Exercise details: Among the entries below, extract exactly the lines that run from the one with "unfolding is_zero_obj_def by (metis sh_obj" through the one with "v w. tri_shape", both ends included.

Collected data entries:

lemma comp_ng_left: assumes f: "f \<in> H X Y" and g: "g \<in> H Y Z" shows "cp (ng g) f = ng (cp g f)"
proof -
  have "pl (cp g f) (cp (ng g) f) = zr X Z"
    using comp_pl_left[OF f g ng_hom[OF g]] pl_ng[OF g] comp_zr_left f g hom_obj by metis
  thus ?thesis using ng_unique f g comp_hom ng_hom by blast
qed

lemma comp_ng_right: assumes f: "f \<in> H X Y" and g: "g \<in> H Y Z" shows "cp g (ng f) = ng (cp g f)"
proof -
  have "pl (cp g f) (cp g (ng f)) = zr X Z"
    using comp_pl_right[OF f ng_hom[OF f] g] pl_ng[OF f] comp_zr_right f g hom_obj by metis
  thus ?thesis using ng_unique f g comp_hom ng_hom by blast
qed

lemma zero_obj_obj: "is_zero_obj C Z \<Longrightarrow> Z \<in> Ob" by (simp add: is_zero_obj_def)

lemma zero_obj_exists: "\<exists>Z. is_zero_obj C Z"
  using triangulated by (auto simp: triangulated_def additive_ax_def)

lemma zero_obj_hom_from: "is_zero_obj C Z \<Longrightarrow> f \<in> H Z Y \<Longrightarrow> f = zr Z Y"
  unfolding is_zero_obj_def by (metis comp_zr_right hom_obj comp_id_right)

lemma zero_objs_isomorphic: assumes z: "is_zero_obj C Z" and z': "is_zero_obj C Z'"
  shows "isomorphic C Z Z'"
proof -
  have Zo: "Z \<in> Ob" and Z'o: "Z' \<in> Ob" using z z' zero_obj_obj by auto
  have f: "zr Z Z' \<in> H Z Z'" and g: "zr Z' Z \<in> H Z' Z" using Zo Z'o by auto
  have "cp (zr Z' Z) (zr Z Z') = idm Z" using comp_zr_left[OF f Zo] z unfolding is_zero_obj_def by simp
  moreover have "cp (zr Z Z') (zr Z' Z) = idm Z'"
    using comp_zr_left[OF g Z'o] z' unfolding is_zero_obj_def by simp
  ultimately show ?thesis unfolding isomorphic_def is_iso_def
    using f g hom_dom[OF f] hom_cod[OF f] hom_mor[OF f] by metis
qed

lemma biprod_exists: "X \<in> Ob \<Longrightarrow> Y \<in> Ob \<Longrightarrow> \<exists>P i1 i2 p1 p2. is_biprod C P X Y i1 i2 p1 p2"
  using triangulated unfolding triangulated_def additive_ax_def by (elim conjE) blast

lemma is_iso_id: "X \<in> Ob \<Longrightarrow> is_iso C (idm X)"
  unfolding is_iso_def using id_hom hom_dom hom_cod hom_mor by (metis comp_id_left)

lemma is_iso_ng_id: assumes X: "X \<in> Ob" shows "is_iso C (ng (idm X))"
proof -
  have i: "ng (idm X) \<in> H X X" using X by blast
  have "cp (ng (idm X)) (ng (idm X)) = idm X"
    using comp_ng_left[OF i id_hom[OF X]] i ng_ng[OF id_hom[OF X]] by simp
  thus ?thesis unfolding is_iso_def using i hom_dom hom_cod hom_mor by metis
qed

section \<open>The shift functor\<close>

lemma sh_obj[intro]: "X \<in> Ob \<Longrightarrow> sh X \<in> Ob"
  using shift_axioms unfolding shift_ax_def by auto

lemma shm_hom[intro]: "f \<in> H X Y \<Longrightarrow> shm f \<in> H (sh X) (sh Y)"
  using shift_axioms unfolding shift_ax_def hom_def by auto

lemma shm_comp: "f \<in> H X Y \<Longrightarrow> g \<in> H Y Z \<Longrightarrow> shm (cp g f) = cp (shm g) (shm f)"
  using shift_axioms unfolding shift_ax_def hom_def by auto

lemma shm_id[simp]: "X \<in> Ob \<Longrightarrow> shm (idm X) = idm (sh X)"
  using shift_axioms unfolding shift_ax_def by auto

lemma shm_pl: "f \<in> H X Y \<Longrightarrow> g \<in> H X Y \<Longrightarrow> shm (pl f g) = pl (shm f) (shm g)"
  using shift_axioms hom_obj unfolding shift_ax_def by metis

lemma shm_full: "X \<in> Ob \<Longrightarrow> Y \<in> Ob \<Longrightarrow> g \<in> H (sh X) (sh Y) \<Longrightarrow> \<exists>f\<in>H X Y. shm f = g"
  using shift_axioms unfolding shift_ax_def by auto

lemma shm_inj: "f \<in> H X Y \<Longrightarrow> g \<in> H X Y \<Longrightarrow> shm f = shm g \<Longrightarrow> f = g"
  using shift_axioms hom_obj unfolding shift_ax_def inj_on_def by metis

lemma sh_ess_surj: "Y \<in> Ob \<Longrightarrow> \<exists>X\<in>Ob. isomorphic C (sh X) Y"
  using shift_axioms unfolding shift_ax_def by blast

lemma shm_zr[simp]: assumes X: "X \<in> Ob" and Y: "Y \<in> Ob" shows "shm (zr X Y) = zr (sh X) (sh Y)"
proof -
  have z: "zr X Y \<in> H X Y" using X Y by blast
  have "pl (shm (zr X Y)) (shm (zr X Y)) = shm (zr X Y)"
    using shm_pl[OF z z] pl_zr[OF z] by simp
  thus ?thesis using pl_idem_eq_zr shm_hom[OF z] by blast
qed

lemma shm_eq_zr_iff: "f \<in> H X Y \<Longrightarrow> shm f = zr (sh X) (sh Y) \<longleftrightarrow> f = zr X Y"
  by (metis hom_obj shm_inj shm_zr zr_hom)

lemma is_zero_obj_sh: "is_zero_obj C Z \<Longrightarrow> is_zero_obj C (sh Z)"
  unfolding is_zero_obj_def by (metis sh_obj shm_id shm_zr)

section \<open>Distinguished triangles\<close>

lemma triangle_axioms:
  "\<forall>t\<in>ttri C. tri_shape C t"
  "\<forall>t t' a b c. t \<in> ttri C \<and> tri_shape C t' \<and> tri_morph C t t' a b c \<and>
     is_iso C a \<and> is_iso C b \<and> is_iso C c \<longrightarrow> t' \<in> ttri C"
  "\<forall>X\<in>Ob. \<forall>Z. is_zero_obj C Z \<longrightarrow> (idm X, zr X Z, zr Z (sh X)) \<in> ttri C"
  "\<forall>u\<in>tmor C. \<exists>v w. (u, v, w) \<in> ttri C"
  "\<forall>u v w. tri_shape C (u, v, w) \<longrightarrow> ((u, v, w) \<in> ttri C \<longleftrightarrow> (v, w, ng (shm u)) \<in> ttri C)"
  "\<forall>u v w u' v' w' a b. (u, v, w) \<in> ttri C \<and> (u', v', w') \<in> ttri C \<and>
     a \<in> H (tdm C u) (tdm C u') \<and> b \<in> H (tcd C u) (tcd C u') \<and> cp b u = cp u' a \<longrightarrow>
     (\<exists>c. tri_morph C (u, v, w) (u', v', w') a b c)"
  using triangulated unfolding triangulated_def by - (elim conjE, assumption)+

lemma tri_shape_of_tri: "t \<in> ttri C \<Longrightarrow> tri_shape C t"
  using triangle_axioms(1) by blast

lemma tri_closed_iso:
  "t \<in> ttri C \<Longrightarrow> tri_shape C t' \<Longrightarrow> tri_morph C t t' a b c \<Longrightarrow>
    is_iso C a \<Longrightarrow> is_iso C b \<Longrightarrow> is_iso C c \<Longrightarrow> t' \<in> ttri C"
  using triangle_axioms(2) by blast

lemma tri_id_zero: "X \<in> Ob \<Longrightarrow> is_zero_obj C Z \<Longrightarrow> (idm X, zr X Z, zr Z (sh X)) \<in> ttri C"
  using triangle_axioms(3) by blast

lemma tri_exists: "u \<in> H X Y \<Longrightarrow> \<exists>v w. (u, v, w) \<in> ttri C"
  using triangle_axioms(4) hom_mor by blast

lemma tri_shapeI: "u \<in> H X Y \<Longrightarrow> v \<in> H Y Z \<Longrightarrow> w \<in> H Z (sh X) \<Longrightarrow> tri_shape C (u, v, w)"
  by (simp add: tri_shape_def hom_def)

lemma tri_homs: assumes "(u, v, w) \<in> ttri C"
  shows "u \<in> H (tdm C u) (tcd C u)" "v \<in> H (tcd C u) (tcd C v)" "w \<in> H (tcd C v) (sh (tdm C u))"
  using tri_shape_of_tri[OF assms] unfolding tri_shape_def hom_def by auto

lemma tri_third_hom: "(u, v, w) \<in> ttri C \<Longrightarrow> u \<in> H X Y \<Longrightarrow> v \<in> H Y Z \<Longrightarrow> w \<in> H Z (sh X)"
  using tri_homs hom_cod hom_dom by metis

lemma tri_rotate: "(u, v, w) \<in> ttri C \<Longrightarrow> (v, w, ng (shm u)) \<in> ttri C"
  using triangle_axioms(5) tri_shape_of_tri by blast

lemma tri_rotate_back:
  assumes "(v, w, ng (shm u)) \<in> ttri C" and "u \<in> H X Y" "v \<in> H Y Z" "w \<in> H Z (sh X)"
  shows "(u, v, w) \<in> ttri C"
  using triangle_axioms(5) tri_shapeI[OF assms(2-4)] assms(1) by blast

lemma tri_morph_exists:
  assumes t: "(u, v, w) \<in> ttri C" and t': "(u', v', w') \<in> ttri C"
    and u: "u \<in> H X Y" and u': "u' \<in> H X' Y'" and a: "a \<in> H X X'" and b: "b \<in> H Y Y'"
    and sq: "cp b u = cp u' a"
  shows "\<exists>c. tri_morph C (u, v, w) (u', v', w') a b c"
  using triangle_axioms(6) t t' a b sq hom_dom[OF u] hom_cod[OF u] hom_dom[OF u'] hom_cod[OF u']
  by metis

lemma tri_comp_zero:
  assumes t: "(u, v, w) \<in> ttri C" and u: "u \<in> H X Y" and v: "v \<in> H Y Z"
  shows "cp v u = zr X Z"
proof -
  obtain Z0 where z: "is_zero_obj C Z0" using zero_obj_exists by blast
  have X: "X \<in> Ob" using u hom_obj by blast
  have zh: "zr X Z0 \<in> H X Z0" using X z zero_obj_obj by blast
  obtain c where c: "tri_morph C (idm X, zr X Z0, zr Z0 (sh X)) (u, v, w) (idm X) u c"
    using tri_morph_exists[OF tri_id_zero[OF X z] t id_hom[OF X] u id_hom[OF X] u] u by auto
  have ch: "c \<in> H Z0 Z" and eq: "cp c (zr X Z0) = cp v u"
    using c v u unfolding tri_morph_def by (auto simp: hom_cod[OF zh] hom_cod[OF v])
  have "c = zr Z0 Z" using zero_obj_hom_from z ch by blast
  thus ?thesis using eq X hom_obj[OF ch] by (metis comp_zr_left zr_hom)
qed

Result of the exercise:
  unfolding is_zero_obj_def by (metis sh_obj shm_id shm_zr)

section \<open>Distinguished triangles\<close>

lemma triangle_axioms:
  "\<forall>t\<in>ttri C. tri_shape C t"
  "\<forall>t t' a b c. t \<in> ttri C \<and> tri_shape C t' \<and> tri_morph C t t' a b c \<and>
     is_iso C a \<and> is_iso C b \<and> is_iso C c \<longrightarrow> t' \<in> ttri C"
  "\<forall>X\<in>Ob. \<forall>Z. is_zero_obj C Z \<longrightarrow> (idm X, zr X Z, zr Z (sh X)) \<in> ttri C"
  "\<forall>u\<in>tmor C. \<exists>v w. (u, v, w) \<in> ttri C"
  "\<forall>u v w. tri_shape C (u, v, w) \<longrightarrow> ((u, v, w) \<in> ttri C \<longleftrightarrow> (v, w, ng (shm u)) \<in> ttri C)"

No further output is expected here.